Advocacy Inc. Files Class Action Lawsuit on Behalf of People with Disabilities Confined to State Supported Living Centers

Posted on

January 26, 2011

Beth Mitchell
Legal services manager

AUSTIN – A class action lawsuit was filed in state district court in Travis County today by three individuals with intellectual and developmental disabilities who have been involuntarily institutionalized for a combined 134 years without any periodic, impartial judicial review of whether they continue to meet the criteria for sustained confinement.

The case was brought through the plaintiffs’ next friend Geoffrey Courtney and as a class action on behalf of the more than 4,200 people residing in Texas state supported living centers (SSLCs).

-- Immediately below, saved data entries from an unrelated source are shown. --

(* Let $n<\omega$ and let $\mathfrak D\in\mathsf{QEA}_\omega$ be atomic and such that for all $x\in\mathfrak D$ and all $k<\omega$, $\mathsf c_kx=\sum_{l\in\omega}\mathsf s^k_lx$. If $\mathfrak A\subseteq\mathfrak{Nr}_n\mathfrak D$ and $\mathfrak A\subseteq_c\mathfrak D$, then $\mathfrak A$ is completely representable.
   Context: $\mathsf{QEA}_\omega$ is the class of $\omega$-dimensional quasi-polyadic equality algebras: the signature of polyadic equality algebras restricted to cylindrifications on finitely many indices and substitutions $\mathsf s_\tau$ only for finite transformations $\tau:\omega\to\omega$ (moving finitely many points), with diagonals $\mathsf d_{ij}$, axiomatized by the corresponding restriction of the polyadic equality axioms. $\mathsf s^k_l$ is the substitution corresponding to the map sending $k$ to $l$ and fixing all other points. $\mathfrak{Nr}_n\mathfrak D$ has universe $\{x:\mathsf c_ix=x\ \forall i\in\omega\setminus n\}$ with operations indexed in $n$. $\mathfrak A\subseteq_c\mathfrak D$ means $\mathfrak A$ is a subalgebra and every $X\subseteq A$ with $\sum^{\mathfrak A}X=1$ has $\sum^{\mathfrak D}X=1$. Completely representable: there is an isomorphism $f$ from $\mathfrak A$ onto a set algebra (concrete operations) whose unit is a disjoint union of cartesian spaces ${}^nU_i$, with $f(\sum X)=\bigcup_{x\in X}f(x)$ whenever $\sum X$ exists. *)

theory Defs
  imports "HOL-Library.FuncSet"
begin

text \<open>
  An omega-dimensional quasi-polyadic equality algebra is represented as a Boolean
  algebra on a whole type 'a (class boolean_algebra) together with
    cyl  :: nat set \<Rightarrow> 'a \<Rightarrow> 'a        (c_Gamma, meaningful for finite Gamma),
    sub  :: (nat \<Rightarrow> nat) \<Rightarrow> 'a \<Rightarrow> 'a  (s_tau, meaningful for finite transformations tau),
    diag :: nat \<Rightarrow> nat \<Rightarrow> 'a          (d_ij).
  The axioms are Halmos' polyadic equality axioms restricted to finite Gamma and
  finite transformations.
\<close>

definition finite_transf :: "(nat \<Rightarrow> nat) \<Rightarrow> bool" where
  "finite_transf \<tau> \<longleftrightarrow> finite {i. \<tau> i \<noteq> i}"

definition is_quantifier :: "('a::boolean_algebra \<Rightarrow> 'a) \<Rightarrow> bool" where
  "is_quantifier c \<longleftrightarrow> c bot = bot \<and> (\<forall>x. x \<le> c x) \<and> (\<forall>x y. c (inf x (c y)) = inf (c x) (c y))"

definition bool_endo :: "('a::boolean_algebra \<Rightarrow> 'a) \<Rightarrow> bool" where
  "bool_endo h \<longleftrightarrow> h bot = bot \<and> h top = top \<and> (\<forall>x y. h (sup x y) = sup (h x) (h y))
     \<and> (\<forall>x y. h (inf x y) = inf (h x) (h y)) \<and> (\<forall>x. h (- x) = - h x)"

definition repl :: "nat \<Rightarrow> nat \<Rightarrow> nat \<Rightarrow> nat" where
  "repl k l = id(k := l)"

definition QEA_omega ::
  "(nat set \<Rightarrow> 'a::boolean_algebra \<Rightarrow> 'a) \<Rightarrow> ((nat \<Rightarrow> nat) \<Rightarrow> 'a \<Rightarrow> 'a) \<Rightarrow> (nat \<Rightarrow> nat \<Rightarrow> 'a) \<Rightarrow> bool" where
  "QEA_omega cyl sub diag \<longleftrightarrow>
     (\<forall>x. cyl {} x = x)
   \<and> (\<forall>\<Gamma> \<Delta> x. finite \<Gamma> \<longrightarrow> finite \<Delta> \<longrightarrow> cyl (\<Gamma> \<union> \<Delta>) x = cyl \<Gamma> (cyl \<Delta> x))
   \<and> (\<forall>\<Gamma>. finite \<Gamma> \<longrightarrow> is_quantifier (cyl \<Gamma>))
   \<and> (\<forall>x. sub id x = x)
   \<and> (\<forall>\<sigma> \<tau> x. finite_transf \<sigma> \<longrightarrow> finite_transf \<tau> \<longrightarrow> sub (\<sigma> \<circ> \<tau>) x = sub \<sigma> (sub \<tau> x))
   \<and> (\<forall>\<tau>. finite_transf \<tau> \<longrightarrow> bool_endo (sub \<tau>))
   \<and> (\<forall>\<sigma> \<tau> \<Gamma> x. finite_transf \<sigma> \<longrightarrow> finite_transf \<tau> \<longrightarrow> finite \<Gamma> \<longrightarrow>
        (\<forall>i. i \<notin> \<Gamma> \<longrightarrow> \<sigma> i = \<tau> i) \<longrightarrow> sub \<sigma> (cyl \<Gamma> x) = sub \<tau> (cyl \<Gamma> x))
   \<and> (\<forall>\<tau> \<Gamma> x. finite_transf \<tau> \<longrightarrow> finite \<Gamma> \<longrightarrow> inj_on \<tau> (\<tau> -` \<Gamma>) \<longrightarrow>
        cyl \<Gamma> (sub \<tau> x) = sub \<tau> (cyl (\<tau> -` \<Gamma>) x))
   \<and> (\<forall>\<tau> i j. finite_transf \<tau> \<longrightarrow> sub \<tau> (diag i j) = diag (\<tau> i) (\<tau> j))
   \<and> (\<forall>i. diag i i = top)
   \<and> (\<forall>i j x. inf x (diag i j) \<le> sub (repl i j) x)"

definition atom :: "'a::boolean_algebra \<Rightarrow> bool" where
  "atom a \<longleftrightarrow> a \<noteq> bot \<and> (\<forall>y. y \<le> a \<longrightarrow> y = bot \<or> y = a)"

definition atomic :: "'a::boolean_algebra itself \<Rightarrow> bool" where
  "atomic _ \<longleftrightarrow> (\<forall>x::'a. x \<noteq> bot \<longrightarrow> (\<exists>a. atom a \<and> a \<le> x))"

definition is_sum_in :: "'a::order set \<Rightarrow> 'a set \<Rightarrow> 'a \<Rightarrow> bool" where
  "is_sum_in S X s \<longleftrightarrow> s \<in> S \<and> (\<forall>x\<in>X. x \<le> s) \<and> (\<forall>u\<in>S. (\<forall>x\<in>X. x \<le> u) \<longrightarrow> s \<le> u)"

definition ext_transf :: "nat \<Rightarrow> (nat \<Rightarrow> nat) \<Rightarrow> nat \<Rightarrow> nat" where
  "ext_transf n \<tau> = (\<lambda>j. if j < n then \<tau> j else j)"

definition Nr :: "nat \<Rightarrow> (nat set \<Rightarrow> 'a \<Rightarrow> 'a) \<Rightarrow> 'a set" where
  "Nr n cyl = {x. \<forall>i. n \<le> i \<longrightarrow> cyl {i} x = x}"

definition subalg_Nr ::
  "nat \<Rightarrow> (nat set \<Rightarrow> 'a::boolean_algebra \<Rightarrow> 'a) \<Rightarrow> ((nat \<Rightarrow> nat) \<Rightarrow> 'a \<Rightarrow> 'a) \<Rightarrow> (nat \<Rightarrow> nat \<Rightarrow> 'a) \<Rightarrow> 'a set \<Rightarrow> bool" where
  "subalg_Nr n cyl sub diag A \<longleftrightarrow>
     A \<subseteq> Nr n cyl \<and> bot \<in> A \<and> top \<in> A
   \<and> (\<forall>x\<in>A. \<forall>y\<in>A. sup x y \<in> A \<and> inf x y \<in> A) \<and> (\<forall>x\<in>A. - x \<in> A)
   \<and> (\<forall>\<Gamma> x. \<Gamma> \<subseteq> {..<n} \<longrightarrow> x \<in> A \<longrightarrow> cyl \<Gamma> x \<in> A)
   \<and> (\<forall>\<tau> x. (\<forall>j<n. \<tau> j < n) \<longrightarrow> x \<in> A \<longrightarrow> sub (ext_transf n \<tau>) x \<in> A)
   \<and> (\<forall>i j. i < n \<longrightarrow> j < n \<longrightarrow> diag i j \<in> A)"

definition complete_sub :: "'a::boolean_algebra set \<Rightarrow> bool" where
  "complete_sub A \<longleftrightarrow> (\<forall>X. X \<subseteq> A \<longrightarrow> is_sum_in A X top \<longrightarrow> is_sum_in UNIV X top)"

text \<open>Complete representation of the n-dimensional algebra A: an injective map into
  the powerset of the unit V = disjoint union (tagged by I) of the cartesian spaces
  ^n(U i), with concrete operations, carrying existing suprema in A to unions.\<close>
definition complete_representation ::
  "nat \<Rightarrow> (nat set \<Rightarrow> 'a::boolean_algebra \<Rightarrow> 'a) \<Rightarrow> ((nat \<Rightarrow> nat) \<Rightarrow> 'a \<Rightarrow> 'a) \<Rightarrow> (nat \<Rightarrow> nat \<Rightarrow> 'a)
   \<Rightarrow> 'a set \<Rightarrow> 'i set \<Rightarrow> ('i \<Rightarrow> 'u set) \<Rightarrow> ('a \<Rightarrow> ('i \<times> (nat \<Rightarrow> 'u)) set) \<Rightarrow> bool" where
  "complete_representation n cyl sub diag A I U f \<longleftrightarrow>
     (let V = Sigma I (\<lambda>i. PiE {..<n} (\<lambda>_. U i)) in
        inj_on f A
      \<and> (\<forall>x\<in>A. f x \<subseteq> V)
      \<and> f bot = {} \<and> f top = V
      \<and> (\<forall>x\<in>A. \<forall>y\<in>A. f (sup x y) = f x \<union> f y \<and> f (inf x y) = f x \<inter> f y)
      \<and> (\<forall>x\<in>A. f (- x) = V - f x)
      \<and> (\<forall>\<Gamma> x. \<Gamma> \<subseteq> {..<n} \<longrightarrow> x \<in> A \<longrightarrow>
           f (cyl \<Gamma> x) = {(i, s) \<in> V. \<exists>t. (i, t) \<in> f x \<and> (\<forall>j<n. j \<notin> \<Gamma> \<longrightarrow> t j = s j)})
      \<and> (\<forall>\<tau> x. (\<forall>j<n. \<tau> j < n) \<longrightarrow> x \<in> A \<longrightarrow>
           f (sub (ext_transf n \<tau>) x) = {(i, s) \<in> V. (i, restrict (s \<circ> \<tau>) {..<n}) \<in> f x})
      \<and> (\<forall>i j. i < n \<longrightarrow> j < n \<longrightarrow> f (diag i j) = {(k, s) \<in> V. s i = s j})
      \<and> (\<forall>X s. X \<subseteq> A \<longrightarrow> is_sum_in A X s \<longrightarrow> f s = \<Union> (f ` X)))"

The lawsuit charges that Gov. Rick Perry, the Texas Department of Aging and Disability Services, and other state officials have violated the plaintiffs’ right to liberty, one of the fundamental rights of a free people, by indefinitely institutionalizing people with no possibility for an independent judicial review to determine the necessity of their continued confinement.

 Plaintiff G.G.E., now 48 years old, was placed in a SSLC by his parents at the age of 9 and has continued to be confined there for the past 39 years.
 Plaintiff E.M.B. was placed at the Mexia SSLC at the age of 6 and has remained confined there for the past 60 years.
 Plaintiff G.D.E. was involuntarily committed to the Lufkin SSLC as a teenager and has remained confined there for the past 32 years.

In all those years, there has not been a single, impartial judicial review of the necessity or propriety of their continued institutionalization. The need for such impartial judicial review is highlighted by the fact that for the past 15 years, the state’s own treatment professionals have indicated that Plaintiff G.G.E.’s needs could be met in a less restrictive environment; and in 2008, the state’s own treatment professionals indicated that an institutional setting was no longer required for continued care and treatment of Plaintiff E.M.B. and Plaintiff G.D.E., indicating that neither of them continues to meet commitment criteria. Yet, without judicial review of the necessity of their confinement, they all still remain institutionalized at the SSLCs.

“An entire class of citizens is being confined by the state of Texas, with no opportunity to challenge the need for continued institutionalization, despite changes in ability, commitment criteria and increased community services,” said Beth Mitchell, senior managing attorney at Advocacy Inc.

“Many of these individuals are confined by a system that does not recognize or enable them to exercise their civil rights,” Mitchell added. “Our Constitution, however, guarantees these individuals — and others like them in the SSLCs — the right to a periodic, impartial judicial review to determine if institutionalization is still necessary.”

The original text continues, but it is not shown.